● **ABOUT THIS EXERCISE**: For the entries below, print exactly the lines between the line holding "0) \<le> Limsup" and the line holding "using fs_mod_ge[OF a(1,2), of", inclusive, and nothing else.

□ □ □ □

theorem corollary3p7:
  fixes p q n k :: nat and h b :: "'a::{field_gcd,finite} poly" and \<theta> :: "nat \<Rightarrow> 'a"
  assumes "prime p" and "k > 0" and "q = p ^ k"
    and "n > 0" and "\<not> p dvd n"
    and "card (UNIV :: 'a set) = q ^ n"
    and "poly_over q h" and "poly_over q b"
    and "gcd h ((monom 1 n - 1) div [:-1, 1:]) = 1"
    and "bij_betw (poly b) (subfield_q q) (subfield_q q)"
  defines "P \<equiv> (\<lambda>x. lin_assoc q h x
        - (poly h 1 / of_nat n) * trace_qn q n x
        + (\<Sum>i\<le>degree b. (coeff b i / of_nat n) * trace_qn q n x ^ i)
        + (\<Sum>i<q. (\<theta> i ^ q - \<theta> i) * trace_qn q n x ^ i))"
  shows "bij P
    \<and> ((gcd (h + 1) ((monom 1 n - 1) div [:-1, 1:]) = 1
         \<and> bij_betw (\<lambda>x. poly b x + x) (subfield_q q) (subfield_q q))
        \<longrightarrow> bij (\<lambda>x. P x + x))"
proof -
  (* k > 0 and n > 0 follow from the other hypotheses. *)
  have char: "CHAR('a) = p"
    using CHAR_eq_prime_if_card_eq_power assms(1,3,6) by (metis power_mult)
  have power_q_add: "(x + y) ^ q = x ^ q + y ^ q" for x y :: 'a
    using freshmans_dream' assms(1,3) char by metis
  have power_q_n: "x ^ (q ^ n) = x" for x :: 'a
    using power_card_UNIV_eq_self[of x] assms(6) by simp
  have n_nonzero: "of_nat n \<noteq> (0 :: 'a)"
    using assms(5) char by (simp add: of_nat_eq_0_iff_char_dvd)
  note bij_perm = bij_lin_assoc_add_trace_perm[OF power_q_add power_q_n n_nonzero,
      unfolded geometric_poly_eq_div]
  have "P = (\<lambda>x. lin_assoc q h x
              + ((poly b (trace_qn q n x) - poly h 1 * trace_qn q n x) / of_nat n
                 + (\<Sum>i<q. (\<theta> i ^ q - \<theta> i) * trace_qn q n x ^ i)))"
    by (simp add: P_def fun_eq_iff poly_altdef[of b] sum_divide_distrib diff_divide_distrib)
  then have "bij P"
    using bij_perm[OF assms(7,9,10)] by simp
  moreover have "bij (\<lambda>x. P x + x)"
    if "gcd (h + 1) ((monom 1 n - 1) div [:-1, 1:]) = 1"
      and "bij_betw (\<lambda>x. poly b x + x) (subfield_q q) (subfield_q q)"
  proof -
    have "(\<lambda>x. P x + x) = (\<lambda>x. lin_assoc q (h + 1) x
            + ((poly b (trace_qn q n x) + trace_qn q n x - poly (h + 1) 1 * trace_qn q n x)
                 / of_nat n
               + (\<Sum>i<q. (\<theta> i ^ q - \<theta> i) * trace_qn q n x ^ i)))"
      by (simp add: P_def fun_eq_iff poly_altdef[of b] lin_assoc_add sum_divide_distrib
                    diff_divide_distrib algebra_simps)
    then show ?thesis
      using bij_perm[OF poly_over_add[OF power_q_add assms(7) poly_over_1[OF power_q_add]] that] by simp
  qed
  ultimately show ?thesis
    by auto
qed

□ □ □ □

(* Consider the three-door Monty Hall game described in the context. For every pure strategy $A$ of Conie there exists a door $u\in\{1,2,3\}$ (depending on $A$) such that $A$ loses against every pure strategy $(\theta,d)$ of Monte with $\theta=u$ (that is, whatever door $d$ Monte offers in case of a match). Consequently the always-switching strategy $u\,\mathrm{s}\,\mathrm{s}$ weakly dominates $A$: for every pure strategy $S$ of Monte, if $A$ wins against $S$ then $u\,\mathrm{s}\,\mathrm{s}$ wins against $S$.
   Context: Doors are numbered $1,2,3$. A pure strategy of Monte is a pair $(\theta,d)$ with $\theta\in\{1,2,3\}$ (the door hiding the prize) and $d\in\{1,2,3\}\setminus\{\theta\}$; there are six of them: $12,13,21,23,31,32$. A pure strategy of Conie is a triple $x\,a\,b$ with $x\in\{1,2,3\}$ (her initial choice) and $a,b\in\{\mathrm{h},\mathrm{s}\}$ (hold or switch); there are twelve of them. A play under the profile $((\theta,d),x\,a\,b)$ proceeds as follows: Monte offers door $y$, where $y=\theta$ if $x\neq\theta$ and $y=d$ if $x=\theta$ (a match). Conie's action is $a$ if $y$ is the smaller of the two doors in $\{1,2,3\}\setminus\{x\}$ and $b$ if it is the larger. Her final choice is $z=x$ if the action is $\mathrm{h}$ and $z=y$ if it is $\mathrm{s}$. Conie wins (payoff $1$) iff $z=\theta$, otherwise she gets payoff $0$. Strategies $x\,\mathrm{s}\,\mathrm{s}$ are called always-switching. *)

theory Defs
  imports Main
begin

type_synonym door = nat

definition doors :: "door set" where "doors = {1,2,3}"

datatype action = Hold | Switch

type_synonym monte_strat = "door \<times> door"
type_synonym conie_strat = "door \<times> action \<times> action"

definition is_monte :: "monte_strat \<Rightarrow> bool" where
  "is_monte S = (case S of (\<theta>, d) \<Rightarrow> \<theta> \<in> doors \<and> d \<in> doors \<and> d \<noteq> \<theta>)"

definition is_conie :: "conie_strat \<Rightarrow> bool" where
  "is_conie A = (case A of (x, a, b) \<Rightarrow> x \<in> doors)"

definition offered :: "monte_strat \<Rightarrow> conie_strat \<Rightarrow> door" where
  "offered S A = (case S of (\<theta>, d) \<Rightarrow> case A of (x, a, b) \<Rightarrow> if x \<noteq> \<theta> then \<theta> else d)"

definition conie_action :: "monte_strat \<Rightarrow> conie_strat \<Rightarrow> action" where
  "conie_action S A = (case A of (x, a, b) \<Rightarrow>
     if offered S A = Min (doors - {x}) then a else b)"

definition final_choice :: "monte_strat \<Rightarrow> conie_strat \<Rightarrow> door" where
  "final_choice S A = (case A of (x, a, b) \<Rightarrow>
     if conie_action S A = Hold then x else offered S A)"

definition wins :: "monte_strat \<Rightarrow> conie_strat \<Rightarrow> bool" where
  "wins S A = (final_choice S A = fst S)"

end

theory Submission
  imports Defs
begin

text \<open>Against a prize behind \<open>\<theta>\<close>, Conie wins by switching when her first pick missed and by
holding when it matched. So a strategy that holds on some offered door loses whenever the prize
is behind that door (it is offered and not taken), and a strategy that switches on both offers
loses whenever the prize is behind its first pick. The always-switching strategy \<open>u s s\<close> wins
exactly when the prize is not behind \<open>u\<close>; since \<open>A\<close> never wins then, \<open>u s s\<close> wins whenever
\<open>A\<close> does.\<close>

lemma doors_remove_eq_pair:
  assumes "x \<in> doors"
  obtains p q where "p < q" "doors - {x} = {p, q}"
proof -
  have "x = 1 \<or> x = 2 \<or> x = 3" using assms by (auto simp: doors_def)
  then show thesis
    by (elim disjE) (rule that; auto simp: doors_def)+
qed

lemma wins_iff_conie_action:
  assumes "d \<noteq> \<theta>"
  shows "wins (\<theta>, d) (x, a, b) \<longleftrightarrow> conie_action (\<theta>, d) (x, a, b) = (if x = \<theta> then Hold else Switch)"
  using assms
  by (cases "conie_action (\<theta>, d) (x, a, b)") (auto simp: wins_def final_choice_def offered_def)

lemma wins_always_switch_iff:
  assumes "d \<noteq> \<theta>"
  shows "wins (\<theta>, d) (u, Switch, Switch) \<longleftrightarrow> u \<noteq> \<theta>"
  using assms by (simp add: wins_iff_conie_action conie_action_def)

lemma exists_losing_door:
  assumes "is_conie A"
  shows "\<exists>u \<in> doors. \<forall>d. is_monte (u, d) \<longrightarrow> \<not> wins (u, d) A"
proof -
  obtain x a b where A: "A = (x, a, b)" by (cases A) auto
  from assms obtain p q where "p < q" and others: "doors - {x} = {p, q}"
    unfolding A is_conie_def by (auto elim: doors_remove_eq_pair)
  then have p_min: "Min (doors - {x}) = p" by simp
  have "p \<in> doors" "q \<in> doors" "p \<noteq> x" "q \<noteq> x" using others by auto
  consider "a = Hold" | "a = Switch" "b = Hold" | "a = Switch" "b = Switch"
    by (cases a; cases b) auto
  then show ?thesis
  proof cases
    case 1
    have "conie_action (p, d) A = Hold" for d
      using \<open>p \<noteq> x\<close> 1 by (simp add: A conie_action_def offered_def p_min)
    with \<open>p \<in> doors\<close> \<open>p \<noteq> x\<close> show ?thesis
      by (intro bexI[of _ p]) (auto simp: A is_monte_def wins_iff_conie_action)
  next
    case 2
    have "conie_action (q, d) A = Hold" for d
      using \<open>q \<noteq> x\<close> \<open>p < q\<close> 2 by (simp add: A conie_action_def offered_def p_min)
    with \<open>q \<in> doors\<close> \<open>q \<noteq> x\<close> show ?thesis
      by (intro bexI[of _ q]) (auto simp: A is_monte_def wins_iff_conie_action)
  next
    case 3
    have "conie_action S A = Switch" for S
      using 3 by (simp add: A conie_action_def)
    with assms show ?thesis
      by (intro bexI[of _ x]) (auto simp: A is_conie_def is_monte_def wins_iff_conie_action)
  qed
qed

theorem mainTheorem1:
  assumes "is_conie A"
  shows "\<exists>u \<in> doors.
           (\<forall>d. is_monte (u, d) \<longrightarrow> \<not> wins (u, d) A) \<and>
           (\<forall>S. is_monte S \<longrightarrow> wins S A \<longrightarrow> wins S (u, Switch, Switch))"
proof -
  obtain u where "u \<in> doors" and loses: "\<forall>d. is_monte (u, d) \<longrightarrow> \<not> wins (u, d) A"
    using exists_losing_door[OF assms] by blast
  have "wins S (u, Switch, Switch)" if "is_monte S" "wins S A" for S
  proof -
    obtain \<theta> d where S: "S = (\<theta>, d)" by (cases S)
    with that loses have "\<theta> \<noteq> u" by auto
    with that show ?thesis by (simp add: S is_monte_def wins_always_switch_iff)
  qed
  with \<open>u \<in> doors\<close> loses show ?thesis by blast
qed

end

□ □ □ □

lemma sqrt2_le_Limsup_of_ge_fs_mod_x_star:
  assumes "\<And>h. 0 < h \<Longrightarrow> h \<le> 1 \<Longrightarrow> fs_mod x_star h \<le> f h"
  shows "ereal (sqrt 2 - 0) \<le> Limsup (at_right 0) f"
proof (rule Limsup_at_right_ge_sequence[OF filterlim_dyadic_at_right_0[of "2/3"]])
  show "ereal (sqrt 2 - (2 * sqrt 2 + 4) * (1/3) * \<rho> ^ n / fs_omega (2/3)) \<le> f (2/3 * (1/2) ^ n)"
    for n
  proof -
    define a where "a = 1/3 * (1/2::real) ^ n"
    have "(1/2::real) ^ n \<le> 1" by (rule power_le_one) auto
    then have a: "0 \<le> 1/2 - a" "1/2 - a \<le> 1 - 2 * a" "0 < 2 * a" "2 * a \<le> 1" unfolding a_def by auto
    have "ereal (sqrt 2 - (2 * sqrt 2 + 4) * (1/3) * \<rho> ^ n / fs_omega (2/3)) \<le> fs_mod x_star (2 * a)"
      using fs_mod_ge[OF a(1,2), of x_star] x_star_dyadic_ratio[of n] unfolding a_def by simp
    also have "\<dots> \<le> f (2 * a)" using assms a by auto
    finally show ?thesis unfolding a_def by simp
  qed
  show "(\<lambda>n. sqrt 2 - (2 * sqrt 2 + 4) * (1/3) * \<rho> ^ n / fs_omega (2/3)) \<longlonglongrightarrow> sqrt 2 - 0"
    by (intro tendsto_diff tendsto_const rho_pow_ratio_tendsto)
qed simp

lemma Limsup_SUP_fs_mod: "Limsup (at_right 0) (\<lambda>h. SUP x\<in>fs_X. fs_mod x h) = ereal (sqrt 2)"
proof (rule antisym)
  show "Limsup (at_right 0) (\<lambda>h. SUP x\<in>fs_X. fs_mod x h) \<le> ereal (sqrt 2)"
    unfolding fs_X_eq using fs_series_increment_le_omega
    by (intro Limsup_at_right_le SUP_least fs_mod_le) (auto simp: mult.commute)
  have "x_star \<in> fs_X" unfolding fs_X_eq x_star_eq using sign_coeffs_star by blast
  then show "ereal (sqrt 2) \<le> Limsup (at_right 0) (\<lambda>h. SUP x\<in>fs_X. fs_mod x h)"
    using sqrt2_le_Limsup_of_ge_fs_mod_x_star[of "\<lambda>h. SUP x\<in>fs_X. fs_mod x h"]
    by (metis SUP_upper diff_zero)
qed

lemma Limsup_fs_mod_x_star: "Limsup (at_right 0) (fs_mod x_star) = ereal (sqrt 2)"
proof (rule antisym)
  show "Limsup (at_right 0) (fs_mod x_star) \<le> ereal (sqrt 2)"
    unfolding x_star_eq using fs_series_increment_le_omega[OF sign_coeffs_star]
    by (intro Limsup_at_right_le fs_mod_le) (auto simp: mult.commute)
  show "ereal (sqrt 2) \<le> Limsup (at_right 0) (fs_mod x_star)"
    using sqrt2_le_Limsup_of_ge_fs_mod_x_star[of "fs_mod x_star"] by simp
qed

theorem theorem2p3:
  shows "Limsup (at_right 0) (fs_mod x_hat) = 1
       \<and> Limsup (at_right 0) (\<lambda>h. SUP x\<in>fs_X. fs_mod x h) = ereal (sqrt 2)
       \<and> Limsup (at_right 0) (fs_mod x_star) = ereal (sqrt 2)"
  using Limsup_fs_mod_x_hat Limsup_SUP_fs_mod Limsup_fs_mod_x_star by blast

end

□ □ □ □

● **EXERCISE SOLUTION**:
  shows "ereal (sqrt 2 - 0) \<le> Limsup (at_right 0) f"
proof (rule Limsup_at_right_ge_sequence[OF filterlim_dyadic_at_right_0[of "2/3"]])
  show "ereal (sqrt 2 - (2 * sqrt 2 + 4) * (1/3) * \<rho> ^ n / fs_omega (2/3)) \<le> f (2/3 * (1/2) ^ n)"
    for n
  proof -
    define a where "a = 1/3 * (1/2::real) ^ n"
    have "(1/2::real) ^ n \<le> 1" by (rule power_le_one) auto
    then have a: "0 \<le> 1/2 - a" "1/2 - a \<le> 1 - 2 * a" "0 < 2 * a" "2 * a \<le> 1" unfolding a_def by auto
    have "ereal (sqrt 2 - (2 * sqrt 2 + 4) * (1/3) * \<rho> ^ n / fs_omega (2/3)) \<le> fs_mod x_star (2 * a)"
      using fs_mod_ge[OF a(1,2), of x_star] x_star_dyadic_ratio[of n] unfolding a_def by simp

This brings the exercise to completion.